From: Alexander Grund (alexander.grund_at_[hidden])
Date: 2025-06-12 08:24:37


Am 11.06.25 um 17:20 schrieb Andrey Semashev via Boost:
> On 11 Jun 2025 17:47, Ivan Matek wrote:
>> I agree with your concern about readability, but would strong typedef
>> work here?
>> I am not an atomic expert, but it seems wrapping uint32_t in a simple
>> struct does not destroy lockfree property of atomic.
>>
>> https://godbolt.org/z/WfGx76vxo <https://godbolt.org/z/WfGx76vxo>
> It would work, but it also would not enable bitwise operations on the
> atomic.
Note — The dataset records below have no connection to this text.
(* Under the hypotheses of the following statement, the vectors $u_1$ and $u_2$ can be chosen nonnegative. Statement: Let $\mathcal{A}\in\mathbb{R}^{m\times m\times n}$ be $(1,2)$-symmetric and nonnegative with $\mathcal{A}=\begin{pmatrix}\mathcal{A}_1&0\\0&\mathcal{A}_2\end{pmatrix}$, $\mathcal{A}_i\in\mathbb{R}^{m_i\times m_i\times n}$, $m_1+m_2=m$, $\mathcal{A}_1,\mathcal{A}_2$ irreducible; with $\varphi$ as defined in the context, assume $\varphi(\mathcal{A})<\varphi(\mathcal{A}_1)+\|\mathcal{A}_2\|^2$, $\varphi(\mathcal{A})<\varphi(\mathcal{A}_2)+\|\mathcal{A}_1\|^2$, and that the solution $(U,U,W)$ of the $(1,2)$-symmetric best rank-$(2,2,2)$ approximation problem for $\mathcal{A}$ is unique; then a representative has $U=\begin{pmatrix}u_1&0\\0&u_2\end{pmatrix}$ with $u_1\in\mathbb{R}^{m_1}$, $u_2\in\mathbb{R}^{m_2}$.
   Context: A tensor is $(1,2)$-symmetric if $\mathcal{A}(i,j,k)=\mathcal{A}(j,i,k)$. It is (1,2)-reducible if there exist nonempty proper $I\subset\{1,\dots,m\}$ and nonempty $K\subseteq\{1,\dots,n\}$ with $a_{ijk}=a_{jik}=0$ for $i\in I,j\notin I,k\in K$; 3-reducible if $a_{ijk}=0$ for $i,j\in I,k\in K$; irreducible if neither holds for any $I,K$. $(X,Y,Z)\cdot\mathcal{H}$ has entries $\sum x_{i\alpha}y_{j\beta}z_{k\gamma}h_{\alpha\beta\gamma}$; $\mathcal{A}\cdot(X,Y,Z):=(X^T,Y^T,Z^T)\cdot\mathcal{A}$; Frobenius norm. For $(1,2)$-symmetric $\mathcal{B}\in\mathbb{R}^{k\times k\times n}$, $\varphi(\mathcal{B})=\min\|\mathcal{B}-(X,X,Z)\cdot\mathcal{H}\|^2$ over $X\in\mathbb{R}^{k\times2}$, $Z\in\mathbb{R}^{n\times2}$ with orthonormal columns and $\mathcal{H}\in\mathbb{R}^{2\times2\times2}$. The $(1,2)$-symmetric best rank-$(2,2,2)$ approximation problem is $\max\|\mathcal{A}\cdot(X,X,Z)\|$ over $X^TX=I_2,Z^TZ=I_2$; solutions are equivalence classes under $(U,U,W)\mapsto(UQ_1,UQ_1,WQ_3)$ with $Q_1,Q_3$ orthogonal. *)

theory Defs
  imports Main "HOL-Analysis.Analysis"
begin

text \<open>Third-order real tensors of size p x q x r are represented as functions
  nat => nat => nat => real, with indices starting at 0; only entries with
  i < p, j < q, k < r are meaningful.  Matrices of size p x 2 are
  functions nat => nat => real (row index, column index).\<close>

type_synonym tensor3 = "nat \<Rightarrow> nat \<Rightarrow> nat \<Rightarrow> real"
type_synonym matrix = "nat \<Rightarrow> nat \<Rightarrow> real"

definition sym12 :: "tensor3 \<Rightarrow> nat \<Rightarrow> nat \<Rightarrow> bool" where
  "sym12 A m n \<longleftrightarrow> (\<forall>i<m. \<forall>j<m. \<forall>k<n. A i j k = A j i k)"

definition nonneg3 :: "tensor3 \<Rightarrow> nat \<Rightarrow> nat \<Rightarrow> bool" where
  "nonneg3 A m n \<longleftrightarrow> (\<forall>i<m. \<forall>j<m. \<forall>k<n. A i j k \<ge> 0)"

definition reducible12 :: "tensor3 \<Rightarrow> nat \<Rightarrow> nat \<Rightarrow> bool" where
  "reducible12 A m n \<longleftrightarrow> (\<exists>I K. I \<noteq> {} \<and> I \<subset> {..<m} \<and> K \<noteq> {} \<and> K \<subseteq> {..<n} \<and>
     (\<forall>i\<in>I. \<forall>j\<in>{..<m} - I. \<forall>k\<in>K. A i j k = 0 \<and> A j i k = 0))"

definition reducible3 :: "tensor3 \<Rightarrow> nat \<Rightarrow> nat \<Rightarrow> bool" where
  "reducible3 A m n \<longleftrightarrow> (\<exists>I K. I \<noteq> {} \<and> I \<subset> {..<m} \<and> K \<noteq> {} \<and> K \<subseteq> {..<n} \<and>
     (\<forall>i\<in>I. \<forall>j\<in>I. \<forall>k\<in>K. A i j k = 0))"

definition irreducible3 :: "tensor3 \<Rightarrow> nat \<Rightarrow> nat \<Rightarrow> bool" where
  "irreducible3 A m n \<longleftrightarrow> \<not> reducible12 A m n \<and> \<not> reducible3 A m n"
lemma eventually_line_margin_convex_comb:
  assumes wf: "net_wf N" and A: "A \<in> carrier_mat (nb N) (nb N)" and B: "B \<in> carrier_mat (nb N) (nb N)"
    and margin: "0 < \<delta>"
  shows "\<forall>\<^sub>F t in at_right 0. \<forall>e\<in>lines N.
    nu_line N e * sqrt (Vvar N ((1 - t) \<cdot>\<^sub>m A + t \<cdot>\<^sub>m B) e)
      \<le> nu_line N e * sqrt (Vvar N A e) + \<delta> * fmax N e"
proof -
  have lines: "finite (lines N)" "\<forall>e\<in>lines N. 0 < fmax N e \<and> 0 \<le> nu_line N e"
    using wf unfolding net_wf_def by auto
  have small: "\<forall>\<^sub>F t in at_right 0. nu_line N e * (sqrt t * sqrt (Vvar N B e)) < \<delta> * fmax N e"
    if e: "e \<in> lines N" for e
  proof -
    have "((\<lambda>t. nu_line N e * (sqrt t * sqrt (Vvar N B e)))
        \<longlongrightarrow> nu_line N e * (sqrt 0 * sqrt (Vvar N B e))) (at_right 0)"
      by (intro tendsto_intros)
    then have "((\<lambda>t. nu_line N e * (sqrt t * sqrt (Vvar N B e))) \<longlongrightarrow> 0) (at_right 0)"
      by simp
    moreover have "0 < \<delta> * fmax N e" using margin lines(2) e by simp
    ultimately show ?thesis by (rule order_tendstoD(2))
  qed
  have "\<forall>\<^sub>F t in at_right (0::real). 0 \<le> t \<and> t \<le> 1"
    unfolding eventually_at_right_field by (intro exI[of _ 1]) auto
  moreover have "\<forall>\<^sub>F t in at_right 0. \<forall>e\<in>lines N.
      nu_line N e * (sqrt t * sqrt (Vvar N B e)) < \<delta> * fmax N e"
    using small by (intro eventually_ball_finite[OF lines(1)]) blast
  ultimately show ?thesis
  proof eventually_elim
    case (elim t)
    show ?case
    proof
      fix e assume e: "e \<in> lines N"
      have "nu_line N e * sqrt (Vvar N ((1 - t) \<cdot>\<^sub>m A + t \<cdot>\<^sub>m B) e)
          \<le> nu_line N e * (sqrt (Vvar N A e) + sqrt t * sqrt (Vvar N B e))"
        using lines(2) e elim(1) sqrt_Vvar_convex_comb_le[OF wf A B] by (intro mult_left_mono) auto
      moreover have "nu_line N e * (sqrt t * sqrt (Vvar N B e)) < \<delta> * fmax N e"
        using elim(2) e by blast
      ultimately show "nu_line N e * sqrt (Vvar N ((1 - t) \<cdot>\<^sub>m A + t \<cdot>\<^sub>m B) e)
          \<le> nu_line N e * sqrt (Vvar N A e) + \<delta> * fmax N e"
        by (simp only: distrib_left)
    qed
  qed
qed

lemma le_of_le_convex_comb:
  fixes a b t :: real
  assumes "0 < t" and "a \<le> (1 - t) * a + t * b"
  shows "a \<le> b"
proof -
  have "t * a \<le> t * b" using assms(2) by (simp add: algebra_simps)
  then show ?thesis using assms(1) by simp
qed
definition opt_reps :: "int \<Rightarrow> (nat \<Rightarrow> int) set" where
  "opt_reps n = {d. signed_rep n d \<and> weight d = min_weight n}"

lemma optimal_rep_iff_opt_reps: "optimal_rep n d \<longleftrightarrow> d \<in> opt_reps (int n)"
proof -
  obtain e where e: "signed_rep (int n) e" "weight e = min_weight (int n)"
    using min_weight_attained by blast
  have "weight d = min_weight (int n)"
    if "signed_rep (int n) d" "\<forall>e. signed_rep (int n) e \<longrightarrow> weight d \<le> weight e"
    using that e min_weight_le_weight [OF that(1)] by (metis order_antisym)
  moreover have "weight d \<le> weight e'"
    if "weight d = min_weight (int n)" "signed_rep (int n) e'" for e'
    using that min_weight_le_weight by simp
  ultimately show ?thesis
    unfolding optimal_rep_def opt_reps_def is_rep_iff_signed_rep by blast
qed

lemma opt_reps_0: "opt_reps 0 = {\<lambda>_. 0}"
proof (intro equalityI subsetI)
  fix d assume "d \<in> opt_reps 0"
  then have "finite {i. d i \<noteq> 0}" "card {i. d i \<noteq> 0} = 0"
    by (simp_all add: opt_reps_def signed_rep_def weight_def)
  then have "d = (\<lambda>_. 0)" by (simp add: fun_eq_iff)
  then show "d \<in> {\<lambda>_. 0}" by simp
next
  fix d :: "nat \<Rightarrow> int" assume "d \<in> {\<lambda>_. 0}"
  then show "d \<in> opt_reps 0" by (simp add: opt_reps_def signed_rep_def digit_value_def weight_def)
qed

lemma case_nat_in_opt_reps_iff:
  "case_nat c e \<in> opt_reps n \<longleftrightarrow> opt_digit n c \<and> e \<in> opt_reps ((n - c) div 2)"
proof
  assume "case_nat c e \<in> opt_reps n"
  then have rep: "c \<in> {0, 1, -1}" "2 dvd (n - c)" "signed_rep ((n - c) div 2) e"
    and "weight (case_nat c e) = min_weight n"
    by (simp_all add: opt_reps_def signed_rep_case_nat)
  then have weight: "of_bool (c \<noteq> 0) + weight e = min_weight n"
    using weight_case_nat [of e c] by (simp add: signed_rep_def)
  have "min_weight n \<le> of_bool (c \<noteq> 0) + min_weight ((n - c) div 2)"
    using rep(1,2) by (rule min_weight_le_digit)
  moreover have "min_weight ((n - c) div 2) \<le> weight e"
    using rep(3) by (rule min_weight_le_weight)
  ultimately show "opt_digit n c \<and> e \<in> opt_reps ((n - c) div 2)"
    using rep weight by (auto simp: opt_digit_def opt_reps_def)
next
  assume opt: "opt_digit n c \<and> e \<in> opt_reps ((n - c) div 2)"
  then have "signed_rep n (case_nat c e)"
    by (simp add: opt_digit_def opt_reps_def signed_rep_case_nat)
  moreover have "weight (case_nat c e) = min_weight n"
    using opt weight_case_nat [of e c] by (simp add: opt_digit_def opt_reps_def signed_rep_def)
  ultimately show "case_nat c e \<in> opt_reps n" by (simp add: opt_reps_def)
qed

lemma opt_reps_eq_UN:
  "opt_reps n = (\<Union>c\<in>{0, 1, -1}. if opt_digit n c then case_nat c ` opt_reps ((n - c) div 2) else {})"
    (is "_ = ?U")
proof
  show "opt_reps n \<subseteq> ?U"
  proof
    fix d assume "d \<in> opt_reps n"
    then have "opt_digit n (d 0)" "(\<lambda>i. d (Suc i)) \<in> opt_reps ((n - d 0) div 2)"
      using case_nat_in_opt_reps_iff [of "d 0" "\<lambda>i. d (Suc i)"] by (simp_all add: case_nat_eta)
    moreover have "d = case_nat (d 0) (\<lambda>i. d (Suc i))" by (simp add: case_nat_eta)
    ultimately show "d \<in> ?U" by (auto simp: opt_digit_def)
  qed
  show "?U \<subseteq> opt_reps n"
    using case_nat_in_opt_reps_iff by (auto split: if_splits)
qed

lemma card_opt_reps: "finite (opt_reps n) \<and> card (opt_reps n) = opt_count n"
proof (induction n rule: opt_count.induct)
  case (1 n)
  show ?case
  proof (cases "n = 0")
    case True
    then show ?thesis by (simp add: opt_reps_0)
  next
    case False
    define F where
      "F c = (if opt_digit n c then case_nat c ` opt_reps ((n - c) div 2) else {})" for c
    have F: "finite (F c) \<and> card (F c) = (if opt_digit n c then opt_count ((n - c) div 2) else 0)"
      if "c \<in> {0, 1, -1}" for c
      using "1" [OF False that] by (simp add: F_def card_image inj_on_subset [OF inj_case_nat])
    have "F c \<inter> F c' = {}" if "c \<noteq> c'" for c c'
      using that by (auto simp: F_def dest: fun_cong [where x = 0])
    then have "card (\<Union>c\<in>{0, 1, -1}. F c) = (\<Sum>c\<in>{0, 1, -1}. card (F c))"
      using F by (intro card_UN_disjoint) auto
    also have "\<dots> = opt_count n"
      unfolding opt_count_rec [of n] using F by (intro sum.cong) auto
    finally show ?thesis
      using F unfolding opt_reps_eq_UN [of n] F_def [symmetric] by simp
  qed
qed

lemma min_weight_four_mul_add:
  assumes "e \<in> {1, -1}"
  shows "min_weight (4 * a + e) = Suc (min_weight a)"
  using min_weight_odd [OF assms, of "2 * a"] min_weight_le_odd [OF assms, of a] by simp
And regarding integers, we already have a strong typedef in the
> language, it is called enums. :)

I fully agree  with Andrey here: https://godbolt.org/z/4c5E53czz
Compares the 2 approaches and I very much like the enum approach which
does not pollute the global scope with constants that should be scoped
too but isn't possibly with the strong type.
See:

>    auto configuration = kUseSimd | kUsePrefetching;
>
>    auto config = ConfigEnum::UseSimd | ConfigEnum::UsePrefetching;

I'm using the 2nd approach in a couple of projects, usually with a macro
or trait to enable the bitwise operators.

As for atomic enums: I wouldn't expect too much there as e.g. `config |=
ConfigEnum::UseSimd` wouldn't be reliable for atomics without a
compare&swap.
You noted that already for "user-defined bitwise operators defined for
an enum,", so I guess you are aware of that already.